MicrosoftDocs / azure-docs

Open source documentation of Microsoft Azure
https://docs.microsoft.com/azure
Creative Commons Attribution 4.0 International
10.25k stars 21.41k forks source link

Encoding parameter is necessary for Spanish and other languages #97922

Closed almudenaftourne closed 2 years ago

almudenaftourne commented 2 years ago

While testing the docs code with Spanish I noticed encoding is necessary for voices to pronounce certain letters correctly (like 'ñ', which is very common in the Spanish language). If not, it misspells the word completely.

There is a note on the "Use SSML to customize speech characteristics" section where it is explained how to read using SSML configuration, but it only mentions encoding for this specific case:

_If your ssmlstring contains  at the beginning of the string, you need to strip off the BOM format or the service will return an error. You do this by setting the encoding parameter as follows: open("ssml.xml", "r", encoding="utf-8-sig").

I was able to fix the Spanish pronuntiation by adding the encoding specification:

ssml_string = open("ssml-spanish-v2.xml", "r", encoding='utf-8').read()
result = synthesizer.speak_ssml_async(ssml_string).get()

I think it would be helpful to clarify this in the docs as most languages have specific characteris like 'ñ' or "¨" that otherwise won't be pronounced correctly.


Document Details

Do not edit this section. It is required for docs.microsoft.com ➟ GitHub issue linking.

YutongTie-MSFT commented 2 years ago

Thanks for the feedback! We are currently investigating and will update you shortly.

YutongTie-MSFT commented 2 years ago

@almudenaftourne Thanks a lot for pointing this out, I have reached out to the author for making it clear.

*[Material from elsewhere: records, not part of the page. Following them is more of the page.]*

(* Let $p,q$ be positive integers and let $s_1,\dots,s_p,d_1,\dots,d_q:[0,1]\to[0,1]$ be the truth functions of the hedge connectives of FLn with many hedges; that is, writing $s_0=d_0=\mathrm{id}_{[0,1]}$, for all $a,b\in[0,1]$: (1) $a\Rightarrow b\ \le\ h(a)\Rightarrow h(b)$ for every $h\in\{s_1,\dots,s_p,d_1,\dots,d_q\}$; (2) $s_i(a)\le s_{i-1}(a)$ for $i=1,\dots,p$; (3) $s_p(1)=1$; (4) $d_{j-1}(a)\le d_j(a)$ for $j=1,\dots,q$; (5) $d_q(0)=0$. Then every $h\in\{s_1,\dots,s_p,d_1,\dots,d_q\}$ is logically fitting.
   Context: Truth values form the Łukasiewicz algebra on $[0,1]$: $a\otimes b=\max(0,a+b-1)$, $a\Rightarrow b=\min(1,1-a+b)$, $a\Leftrightarrow b=(a\Rightarrow b)\wedge(b\Rightarrow a)$, with $\wedge=\min$. A unary operation $h:[0,1]\to[0,1]$ is logically fitting if there is a natural number $k>0$ such that $(a\Leftrightarrow b)^k\le h(a)\Leftrightarrow h(b)$ for all $a,b\in[0,1]$, where $x^k=x\otimes\cdots\otimes x$ ($k$ times). FLn with many hedges extends the first-order fuzzy logic FLn by truth-stressing hedges $s_1,\dots,s_p$ and truth-depressing hedges $d_1,\dots,d_q$ with degree-1 logical axioms $(A\to B)\to(hA\to hB)$, $s_iA\to s_{i-1}A$, $s_p\overline{1}$, $d_{j-1}A\to d_jA$, $\neg d_q\overline{0}$; conditions (1)–(5) express that these axioms have truth value 1 in every structure, where $\mathcal{D}(hA)=h(\mathcal{D}(A))$. *)

theory Defs
  imports Complex_Main
begin

text \<open>Lukasiewicz algebra on the unit interval (real numbers; only values in [0,1] matter).\<close>

definition luk_times :: "real \<Rightarrow> real \<Rightarrow> real" where
  "luk_times a b = max 0 (a + b - 1)"

definition luk_imp :: "real \<Rightarrow> real \<Rightarrow> real" where
  "luk_imp a b = min 1 (1 - a + b)"

definition luk_equiv :: "real \<Rightarrow> real \<Rightarrow> real" where
  "luk_equiv a b = min (luk_imp a b) (luk_imp b a)"

fun luk_pow :: "real \<Rightarrow> nat \<Rightarrow> real" where
  "luk_pow x 0 = 1"
| "luk_pow x (Suc k) = luk_times x (luk_pow x k)"

definition logically_fitting :: "(real \<Rightarrow> real) \<Rightarrow> bool" where
  "logically_fitting h \<longleftrightarrow>
     (\<exists>k::nat. k > 0 \<and>
        (\<forall>a\<in>{0..1}. \<forall>b\<in>{0..1}. luk_pow (luk_equiv a b) k \<le> luk_equiv (h a) (h b)))"

end

theory Submission
  imports Defs
begin

text \<open>Only axiom (1) is needed: it makes every hedge non-expansive for \<open>\<Leftrightarrow>\<close>, so each hedge
  is logically fitting with exponent \<open>k = 1\<close>.\<close>

lemma luk_pow_one:
  assumes "0 \<le> x"
  shows "luk_pow x 1 = x"
  using assms by (simp add: luk_times_def)

lemma luk_equiv_nonneg:
  assumes "a \<in> {0..1}" and "b \<in> {0..1}"
  shows "0 \<le> luk_equiv a b"
  using assms by (auto simp: luk_equiv_def luk_imp_def)

lemma luk_equiv_le_if_luk_imp_le:
  assumes "\<forall>a\<in>{0..1}. \<forall>b\<in>{0..1}. luk_imp a b \<le> luk_imp (h a) (h b)"
    and "a \<in> {0..1}" and "b \<in> {0..1}"
  shows "luk_equiv a b \<le> luk_equiv (h a) (h b)"
  using assms unfolding luk_equiv_def by (meson min.mono)

lemma logically_fitting_if_luk_imp_le:
  assumes "\<forall>a\<in>{0..1}. \<forall>b\<in>{0..1}. luk_imp a b \<le> luk_imp (h a) (h b)"
  shows "logically_fitting h"
  unfolding logically_fitting_def
proof (intro exI[of _ 1] conjI ballI)
  fix a b :: real
  assume "a \<in> {0..1}" and "b \<in> {0..1}"
  then have "luk_pow (luk_equiv a b) 1 = luk_equiv a b"
    by (rule luk_pow_one[OF luk_equiv_nonneg])
  also have "\<dots> \<le> luk_equiv (h a) (h b)"
    using assms \<open>a \<in> {0..1}\<close> \<open>b \<in> {0..1}\<close> by (rule luk_equiv_le_if_luk_imp_le)
  finally show "luk_pow (luk_equiv a b) 1 \<le> luk_equiv (h a) (h b)" .
qed simp

theorem mainTheorem4:
  fixes p q :: nat and s d :: "nat \<Rightarrow> real \<Rightarrow> real"
  assumes "p > 0" and "q > 0"
    and range_s: "\<forall>i\<in>{1..p}. \<forall>a\<in>{0..1}. s i a \<in> {0..1}"
    and range_d: "\<forall>j\<in>{1..q}. \<forall>a\<in>{0..1}. d j a \<in> {0..1}"
    and ax1_s: "\<forall>i\<in>{1..p}. \<forall>a\<in>{0..1}. \<forall>b\<in>{0..1}. luk_imp a b \<le> luk_imp (s i a) (s i b)"
    and ax1_d: "\<forall>j\<in>{1..q}. \<forall>a\<in>{0..1}. \<forall>b\<in>{0..1}. luk_imp a b \<le> luk_imp (d j a) (d j b)"
    and ax2: "\<forall>i\<in>{1..p}. \<forall>a\<in>{0..1}. s i a \<le> (if i = 1 then a else s (i - 1) a)"
    and ax3: "s p 1 = 1"
    and ax4: "\<forall>j\<in>{1..q}. \<forall>a\<in>{0..1}. (if j = 1 then a else d (j - 1) a) \<le> d j a"
    and ax5: "d q 0 = 0"
  shows "(\<forall>i\<in>{1..p}. logically_fitting (s i)) \<and> (\<forall>j\<in>{1..q}. logically_fitting (d j))"
  using ax1_s ax1_d logically_fitting_if_luk_imp_le by blast

end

eric-urban commented 2 years ago

@almudenaftourne - Thank you for taking the time to point this out! I've opened an internal work item to track this to completion. We can add more details to the SSML document and/or update the current how to synthesize page.

eric-urban commented 2 years ago

please-close

yulin-li commented 1 year ago

Hi @almudenaftourne , what's the encoding of your ssml-spanish-v2.xml file? Could you share this file with us for further investigating?